His laugh came out harsh, but he quickly stifled it. “No, it had nothing to do with that.” His thirteenth year was the most miserable of his life, beginning with his being placed on a ship and sent away from Deirdre and every other person he knew in the world, and then just a week later to be clobbered with the news of a terminal disease.

“I was on the ship headed for Washington when my cough became so bad the ship’s doctor wanted to see me. He said I
had all the symptoms of tuberculosis and told me I probably had two, maybe three years to live.”

He didn’t tell Kate how the doctor had ordered him to stay in his cabin and keep away from others. That if he coughed on others or became friendly with them, it was as good as sharing his terminal disease.

“When I arrived at Senator Campbell’s house, I didn’t tell anyone. The ship’s doctor warned me they might turn me out of the house if they suspected.
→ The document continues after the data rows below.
(* Let $z^{(L)}:\mathbb{R}^{n_0}\to\mathbb{R}$ be a scalar-valued $L$-layer network given by $a^{(0)}=x$, $z^{(k)}=W^{(k)}a^{(k-1)}+b^{(k)}$, $a^{(k)}=\sigma^{(k)}(z^{(k)})$ for $k=1,\dots,L-1$, and $z^{(L)}=W^{(L)}a^{(L-1)}+b^{(L)}$ with $W^{(L)}\in\mathbb{R}^{1\times n_{L-1}}$, where each activation $\sigma^{(k)}_i$ is differentiable and slope-restricted in $[\alpha^{(k)}_i,\beta^{(k)}_i]$ with $0\le\alpha^{(k)}_i\le\beta^{(k)}_i<\infty$. Fix $l\in\{1,\dots,L-1\}$ and regard $z^{(L)}$ as a function of $a^{(l)}$ through layers $l+1,\dots,L$. Define matrices $S^{(k,l)}$ for $k=l+1,\dots,L$ by $$S^{(l+1,l)}=|W^{(l+1)}|,\qquad S^{(k,l)}=|W^{(k)}|\,\mathrm{diag}(\beta^{(k-1)})\,S^{(k-1,l)}\quad (k\ge l+2).$$ Then $\Big\|\big(\frac{\partial z^{(L)}}{\partial a^{(l)}}\big)^\top\Big\|_\infty\le\|S^{(L,l)}\|_\infty$ at every point.
   Context: $|A|$ denotes the elementwise absolute value of a matrix $A$. A function $\sigma:\mathbb{R}\to\mathbb{R}$ is slope-restricted in $[\alpha,\beta]$ if $\alpha\le\frac{\sigma(x)-\sigma(y)}{x-y}\le\beta$ for all $x\ne y$. For a matrix $A$, $\|A\|_\infty$ is the induced $\ell_\infty$ operator norm (maximum absolute row sum). *)

theory Defs
  imports "HOL-Analysis.Analysis"
begin

text \<open>Vectors in R^n are functions nat => real (only indices < n matter);
  m x n matrices are functions nat => nat => real (row i < m, column j < n).\<close>

definition slope_restricted :: "(real \<Rightarrow> real) \<Rightarrow> real \<Rightarrow> real \<Rightarrow> bool" where
  "slope_restricted f \<alpha> \<beta> \<longleftrightarrow>
     (\<forall>x y. x \<noteq> y \<longrightarrow> \<alpha> \<le> (f x - f y) / (x - y) \<and> (f x - f y) / (x - y) \<le> \<beta>)"

definition mat_inf_norm :: "nat \<Rightarrow> nat \<Rightarrow> (nat \<Rightarrow> nat \<Rightarrow> real) \<Rightarrow> real" where
  "mat_inf_norm m n A = Max {(\<Sum>j<n. \<bar>A i j\<bar>) | i. i < m}"

text \<open>Forward pass starting from layer l: layer_act ... l m a is the post-activation
  a^(l+m), given a^(l) = a.\<close>
fun layer_act :: "(nat \<Rightarrow> nat) \<Rightarrow> (nat \<Rightarrow> nat \<Rightarrow> nat \<Rightarrow> real) \<Rightarrow> (nat \<Rightarrow> nat \<Rightarrow> real)
    \<Rightarrow> (nat \<Rightarrow> nat \<Rightarrow> real \<Rightarrow> real) \<Rightarrow> nat \<Rightarrow> nat \<Rightarrow> (nat \<Rightarrow> real) \<Rightarrow> (nat \<Rightarrow> real)" where
  "layer_act n W b \<sigma> l 0 a = a"
| "layer_act n W b \<sigma> l (Suc m) a =
     (\<lambda>i. if i < n (l + Suc m)
          then \<sigma> (l + Suc m) i ((\<Sum>j<n (l + m). W (l + Suc m) i j * layer_act n W b \<sigma> l m a j)
                                 + b (l + Suc m) i)
          else 0)"

definition net_out :: "(nat \<Rightarrow> nat) \<Rightarrow> (nat \<Rightarrow> nat \<Rightarrow> nat \<Rightarrow> real) \<Rightarrow> (nat \<Rightarrow> nat \<Rightarrow> real)
    \<Rightarrow> (nat \<Rightarrow> nat \<Rightarrow> real \<Rightarrow> real) \<Rightarrow> nat \<Rightarrow> nat \<Rightarrow> (nat \<Rightarrow> real) \<Rightarrow> real" where
  "net_out n W b \<sigma> L l a =
     (\<Sum>j<n (L - 1). W L 0 j * layer_act n W b \<sigma> l (L - 1 - l) a j) + b L 0"

text \<open>S_mat ... l m = S^(l+1+m, l):
  S^(l+1,l) = |W^(l+1)|, S^(k,l) = |W^(k)| diag(beta^(k-1)) S^(k-1,l).\<close>
fun S_mat :: "(nat \<Rightarrow> nat) \<Rightarrow> (nat \<Rightarrow> nat \<Rightarrow> nat \<Rightarrow> real) \<Rightarrow> (nat \<Rightarrow> nat \<Rightarrow> real)
    \<Rightarrow> nat \<Rightarrow> nat \<Rightarrow> (nat \<Rightarrow> nat \<Rightarrow> real)" where
  "S_mat n W \<beta> l 0 = (\<lambda>i j. \<bar>W (l + 1) i j\<bar>)"
| "S_mat n W \<beta> l (Suc m) =
     (\<lambda>i j. \<Sum>p<n (l + 1 + m). \<bar>W (l + 2 + m) i p\<bar> * \<beta> (l + 1 + m) p * S_mat n W \<beta> l m p j)"

end

theory Submission
  imports Defs
begin

text \<open>Differentiate along the coordinate direction e_j of a^(l), one layer at a time. Slope
  restriction in [alpha, beta] with alpha \<ge> 0 forces 0 \<le> sigma' \<le> beta, so the chain rule and
  the triangle inequality give |dz^(k)_i / da^(l)_j| \<le> S^(k,l)_ij by induction on k. The output
  is scalar, so the infinity norm of the transposed gradient is its largest entry, which is
  dominated by the row sum of S^(L,l).\<close>

lemma slope_restricted_deriv_bounds:
  assumes "slope_restricted f \<alpha> \<beta>" and "(f has_real_derivative D) (at x)"
  shows "\<alpha> \<le> D \<and> D \<le> \<beta>"
proof -
  have lim: "((\<lambda>h. (f (x + h) - f x) / h) \<longlongrightarrow> D) (at 0)"
    using assms(2) by (simp add: DERIV_def)
  have "\<forall>\<^sub>F h in at 0. h \<noteq> (0::real)"
    by (simp add: eventually_at_filter)
  then have quotient_bounds: "\<forall>\<^sub>F h in at 0. \<alpha> \<le> (f (x + h) - f x) / h \<and> (f (x + h) - f x) / h \<le> \<beta>"
    by eventually_elim
      (use assms(1) in \<open>metis slope_restricted_def add_diff_cancel_left' add_cancel_right_right\<close>)
  have "\<alpha> \<le> D"
    by (rule tendsto_lowerbound[OF lim]) (use quotient_bounds in \<open>auto elim: eventually_mono\<close>)
  moreover have "D \<le> \<beta>"
    by (rule tendsto_upperbound[OF lim]) (use quotient_bounds in \<open>auto elim: eventually_mono\<close>)
  ultimately show ?thesis ..
qed

lemma slope_restricted_abs_deriv_le:
  assumes "slope_restricted f \<alpha> \<beta>" and "0 \<le> \<alpha>" and "f differentiable (at x)"
  shows "\<exists>d. (f has_real_derivative d) (at x) \<and> \<bar>d\<bar> \<le> \<beta>"
proof -
  obtain d where d: "(f has_real_derivative d) (at x)"
    using assms(3) real_differentiable_def by blast
  moreover have "\<alpha> \<le> d \<and> d \<le> \<beta>"
    using slope_restricted_deriv_bounds[OF assms(1) d] .
  ultimately show ?thesis
    using assms(2) by auto
qed

lemma DERIV_affine_combination_abs_bound:
  assumes "\<And>p. p < N \<Longrightarrow> \<exists>D. (g p has_real_derivative D) (at x) \<and> \<bar>D\<bar> \<le> c p"
  shows "\<exists>D. ((\<lambda>t. (\<Sum>p<N. w p * g p t) + b) has_real_derivative D) (at x)
             \<and> \<bar>D\<bar> \<le> (\<Sum>p<N. \<bar>w p\<bar> * c p)"
proof -
  obtain D where D: "\<And>p. p < N \<Longrightarrow> (g p has_real_derivative D p) (at x) \<and> \<bar>D p\<bar> \<le> c p"
    using assms by metis
  have "((\<lambda>t. (\<Sum>p<N. w p * g p t) + b) has_real_derivative (\<Sum>p<N. w p * D p) + 0) (at x)"
    by (intro DERIV_add DERIV_sum DERIV_cmult DERIV_const) (use D in auto)
  moreover have "\<bar>\<Sum>p<N. w p * D p\<bar> \<le> (\<Sum>p<N. \<bar>w p\<bar> * c p)"
  proof -
    have "\<bar>\<Sum>p<N. w p * D p\<bar> \<le> (\<Sum>p<N. \<bar>w p\<bar> * \<bar>D p\<bar>)"
      using sum_abs[of "\<lambda>p. w p * D p" "{..<N}"] by (simp add: abs_mult)
    also have "\<dots> \<le> (\<Sum>p<N. \<bar>w p\<bar> * c p)"
      using D by (intro sum_mono mult_left_mono) auto
    finally show ?thesis .
  qed
  ultimately show ?thesis by auto
qed

lemma DERIV_comp_abs_bound:
  assumes f': "\<forall>z. \<exists>d. (f has_real_derivative d) (at z) \<and> \<bar>d\<bar> \<le> \<beta>"
    and g': "\<exists>D. (g has_real_derivative D) (at x) \<and> \<bar>D\<bar> \<le> c"
  shows "\<exists>D. ((\<lambda>t. f (g t)) has_real_derivative D) (at x) \<and> \<bar>D\<bar> \<le> \<beta> * c"
proof -
  obtain D where D: "(g has_real_derivative D) (at x)" "\<bar>D\<bar> \<le> c"
    using g' by blast
  obtain d where d: "(f has_real_derivative d) (at (g x))" "\<bar>d\<bar> \<le> \<beta>"
    using f' by blast
  have "((\<lambda>t. f (g t)) has_real_derivative d * D) (at x)"
    using DERIV_chain2[OF d(1) D(1)] .
  moreover have "\<bar>d * D\<bar> \<le> \<beta> * c"
    unfolding abs_mult using d(2) D(2) by (intro mult_mono) auto
  ultimately show ?thesis by blast
qed

text \<open>pre_act n W b \<sigma> l m a is the pre-activation z^(l+1+m), given a^(l) = a.\<close>
definition pre_act :: "(nat \<Rightarrow> nat) \<Rightarrow> (nat \<Rightarrow> nat \<Rightarrow> nat \<Rightarrow> real) \<Rightarrow> (nat \<Rightarrow> nat \<Rightarrow> real)
    \<Rightarrow> (nat \<Rightarrow> nat \<Rightarrow> real \<Rightarrow> real) \<Rightarrow> nat \<Rightarrow> nat \<Rightarrow> (nat \<Rightarrow> real) \<Rightarrow> nat \<Rightarrow> real" where
  "pre_act n W b \<sigma> l m a i =
     (\<Sum>p<n (l + m). W (Suc (l + m)) i p * layer_act n W b \<sigma> l m a p) + b (Suc (l + m)) i"

lemma layer_act_Suc_pre_act:
  "layer_act n W b \<sigma> l (Suc m) a i =
     (if i < n (l + Suc m) then \<sigma> (l + Suc m) i (pre_act n W b \<sigma> l m a i) else 0)"
  by (simp add: pre_act_def)

lemma net_out_eq_pre_act:
  assumes "l < L"
  shows "net_out n W b \<sigma> L l a = pre_act n W b \<sigma> l (L - 1 - l) a 0"
proof -
  have "l + (L - 1 - l) = L - 1" and "Suc (L - 1) = L"
    using assms by auto
  then show ?thesis
    unfolding net_out_def pre_act_def by simp
qed

lemma pre_act_partial_deriv_abs_le_S_mat:
  assumes "\<forall>k\<in>{Suc l..l + m}. \<forall>i<n k. \<forall>x. \<exists>d. (\<sigma> k i has_real_derivative d) (at x) \<and> \<bar>d\<bar> \<le> \<beta> k i"
  shows "\<exists>D. ((\<lambda>t. pre_act n W b \<sigma> l m (a(j := a j + t)) i) has_real_derivative D) (at 0)
             \<and> \<bar>D\<bar> \<le> S_mat n W \<beta> l m i j"
  using assms
proof (induction m arbitrary: i)
  case 0
  have "\<exists>D. ((\<lambda>t. (\<Sum>p<n l. W (Suc l) i p * (a(j := a j + t)) p) + b (Suc l) i)
             has_real_derivative D) (at 0)
           \<and> \<bar>D\<bar> \<le> (\<Sum>p<n l. \<bar>W (Suc l) i p\<bar> * (if p = j then 1 else 0))"
  proof (rule DERIV_affine_combination_abs_bound)
    fix p
    have "((\<lambda>t. (a(j := a j + t)) p) has_real_derivative (if p = j then 1 else 0)) (at 0)"
      by (cases "p = j") (auto intro!: derivative_eq_intros)
    then show "\<exists>D. ((\<lambda>t. (a(j := a j + t)) p) has_real_derivative D) (at 0)
                 \<and> \<bar>D\<bar> \<le> (if p = j then 1 else 0)"
      by force
  qed
  moreover have "(\<Sum>p<n l. \<bar>W (Suc l) i p\<bar> * (if p = j then 1 else 0)) \<le> \<bar>W (Suc l) i j\<bar>"
    by (simp add: if_distrib sum.delta cong: if_cong)
  ultimately show ?case
    unfolding pre_act_def by force
next
  case (Suc m)
  let ?k = "l + Suc m"
  have "\<exists>D. ((\<lambda>t. (\<Sum>p<n ?k. W (Suc ?k) i p * layer_act n W b \<sigma> l (Suc m) (a(j := a j + t)) p)
               + b (Suc ?k) i) has_real_derivative D) (at 0)
           \<and> \<bar>D\<bar> \<le> (\<Sum>p<n ?k. \<bar>W (Suc ?k) i p\<bar> * (\<beta> ?k p * S_mat n W \<beta> l m p j))"
  proof (rule DERIV_affine_combination_abs_bound)
    fix p
    assume p: "p < n ?k"
    have "\<forall>z. \<exists>d. (\<sigma> ?k p has_real_derivative d) (at z) \<and> \<bar>d\<bar> \<le> \<beta> ?k p"
      using Suc.prems p by simp
    moreover have "\<exists>D. ((\<lambda>t. pre_act n W b \<sigma> l m (a(j := a j + t)) p) has_real_derivative D) (at 0)
                     \<and> \<bar>D\<bar> \<le> S_mat n W \<beta> l m p j"
      using Suc.prems by (intro Suc.IH) auto
    ultimately have "\<exists>D. ((\<lambda>t. \<sigma> ?k p (pre_act n W b \<sigma> l m (a(j := a j + t)) p))
                         has_real_derivative D) (at 0) \<and> \<bar>D\<bar> \<le> \<beta> ?k p * S_mat n W \<beta> l m p j"
      by (rule DERIV_comp_abs_bound)
    then show "\<exists>D. ((\<lambda>t. layer_act n W b \<sigma> l (Suc m) (a(j := a j + t)) p)
                         has_real_derivative D) (at 0) \<and> \<bar>D\<bar> \<le> \<beta> ?k p * S_mat n W \<beta> l m p j"
      using p by (simp add: layer_act_Suc_pre_act del: layer_act.simps)
  qed
  then show ?case
    unfolding pre_act_def by (simp add: mult.assoc)
qed

lemma mat_inf_norm_column_le_row:
  assumes "0 < N" and "\<And>i. i < N \<Longrightarrow> \<bar>G i\<bar> \<le> A 0 i"
  shows "mat_inf_norm N 1 (\<lambda>i _. G i) \<le> mat_inf_norm 1 N A"
proof -
  have "Max {\<bar>G i\<bar> | i. i < N} \<le> (\<Sum>j<N. \<bar>A 0 j\<bar>)"
  proof (rule Max.boundedI)
    show "{\<bar>G i\<bar> | i. i < N} \<noteq> {}"
      using assms(1) by blast
    fix y
    assume "y \<in> {\<bar>G i\<bar> | i. i < N}"
    then obtain i where i: "i < N" and y: "y = \<bar>G i\<bar>"
      by blast
    have "\<bar>G i\<bar> \<le> \<bar>A 0 i\<bar>"
      using assms(2)[OF i] by linarith
    also have "\<dots> \<le> (\<Sum>j<N. \<bar>A 0 j\<bar>)"
      by (rule member_le_sum) (use i in auto)
    finally show "y \<le> (\<Sum>j<N. \<bar>A 0 j\<bar>)"
      using y by simp
  qed simp
  then show ?thesis
    unfolding mat_inf_norm_def by simp
qed

theorem proposition2:
  fixes n :: "nat \<Rightarrow> nat"
    and W :: "nat \<Rightarrow> nat \<Rightarrow> nat \<Rightarrow> real"
    and b :: "nat \<Rightarrow> nat \<Rightarrow> real"
    and \<sigma> :: "nat \<Rightarrow> nat \<Rightarrow> real \<Rightarrow> real"
    and \<alpha> \<beta> :: "nat \<Rightarrow> nat \<Rightarrow> real"
    and L l :: nat
    and a :: "nat \<Rightarrow> real"
  assumes widths: "\<forall>k\<le>L. n k \<ge> 1"
    and scalar_out: "n L = 1"
    and l_range: "1 \<le> l" "l \<le> L - 1"
    and diff: "\<forall>k\<in>{1..L-1}. \<forall>i<n k. \<forall>x. \<sigma> k i differentiable (at x)"
    and slope: "\<forall>k\<in>{1..L-1}. \<forall>i<n k. slope_restricted (\<sigma> k i) (\<alpha> k i) (\<beta> k i)"
    and bounds: "\<forall>k\<in>{1..L-1}. \<forall>i<n k. 0 \<le> \<alpha> k i \<and> \<alpha> k i \<le> \<beta> k i"
  shows "\<exists>G :: nat \<Rightarrow> real.
           (\<forall>j<n l. ((\<lambda>t. net_out n W b \<sigma> L l (a(j := a j + t))) has_real_derivative G j) (at 0))
         \<and> mat_inf_norm (n l) 1 (\<lambda>i _. G i) \<le> mat_inf_norm 1 (n l) (S_mat n W \<beta> l (L - l - 1))"
proof -
  have activation_derivs:
    "\<forall>k\<in>{Suc l..l + (L - 1 - l)}. \<forall>i<n k. \<forall>x.
       \<exists>d. (\<sigma> k i has_real_derivative d) (at x) \<and> \<bar>d\<bar> \<le> \<beta> k i"
  proof (intro ballI allI impI)
    fix k i x
    assume "k \<in> {Suc l..l + (L - 1 - l)}" and "i < n k"
    then have "k \<in> {1..L-1}" and "i < n k" by auto
    then show "\<exists>d. (\<sigma> k i has_real_derivative d) (at x) \<and> \<bar>d\<bar> \<le> \<beta> k i"
      using diff slope bounds by (blast intro: slope_restricted_abs_deriv_le)
  qed
  have "\<forall>j. \<exists>D. ((\<lambda>t. net_out n W b \<sigma> L l (a(j := a j + t))) has_real_derivative D) (at 0)
              \<and> \<bar>D\<bar> \<le> S_mat n W \<beta> l (L - l - 1) 0 j"
    using pre_act_partial_deriv_abs_le_S_mat[OF activation_derivs] net_out_eq_pre_act l_range
    by (simp add: diff_commute[of L 1 l])
  then obtain G where G: "\<And>j. ((\<lambda>t. net_out n W b \<sigma> L l (a(j := a j + t))) has_real_derivative G j) (at 0)"
    and G_bound: "\<And>j. \<bar>G j\<bar> \<le> S_mat n W \<beta> l (L - l - 1) 0 j"
    by metis
  have "l \<le> L"
    using l_range by linarith
  then have "0 < n l"
    using widths by fastforce
  with G G_bound show ?thesis
    by (blast intro: mat_inf_norm_column_le_row)
qed

end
I couldn’t go home to my father, and I didn’t know a single person in America, so I stayed quiet. I hated it, but I had nowhere else to go and I was afraid. Mrs. Kendall figured it out pretty fast. She recognized the rattle in my lungs because she’d been battling the same disease.”

Mrs. Kendall backed up what the ship’s doctor said. She had been keeping her disease a secret too, for what logical man would let a tubercular woman supervise his kitchen if he knew? Or welcome a sick boy into his home? Mrs. Kendall taught him how to hide when the coughing seized him, how to get sunlight to offset the tubercular pallor. She taught him to drink honeyed tea by the gallon to ward off the fits of coughing. But the most important thing she provided was a person for him to confide in. They were two people who shared a terrible secret. In his desperate and storm-tossed world, Mrs. Kendall became his safe harbor.

School was a special blend of torture and release. All the other kids were normal and happy, but he couldn’t befriend any of them, because if he started coughing it would put them in danger. They were always laughing and cheerful. It hurt to be around them when his world was so bleak. But Kate was different. He didn’t need to befriend Kate to compete with her. For a few hours each day he was released from worrying about the plague growing in his lungs and could indulge in the thrill of matching his wits against the smartest girl he ever met.

“After a few years, I started feeling better. Mrs. Kendall swore it was her cooking. She always made me eat second helpings of beef and milk. She insisted it was good for tuberculosis. I ate because it was hard to keep weight on. Senator Campbell used to joke about his soaring grocery bill. He must have written something to my father, because that was the month the Black Angus steer was delivered.”

Kate winced. “I’m so sorry I teased you about that.”

He clasped his hand over hers. Her hand was so slim in his palm, and he traced his thumb over the back of it. “Don’t worry about it, Kate. Anyway, I think there was some truth to Mrs. Kendall’s idea about diet. When I left for college, my lungs were clear. I went to a specialist in Boston, and he said I showed no signs of tuberculosis. I was finally able to gain some weight, and my skin started to hold its color. My strength returned. During those years I felt . . .”

It wouldn’t be fair to tell Kate what going to Harvard felt like. The return of his health at the same time he was able to bask in the joy of rigorous academic study was exhilarating. He was among the tiny fraction of tubercular patients who’d been liberated from a death sentence. The world stretched out before him like an endless feast of learning, discovery, and opportunity. It was as if every blessing in the world had been simultaneously showered on him.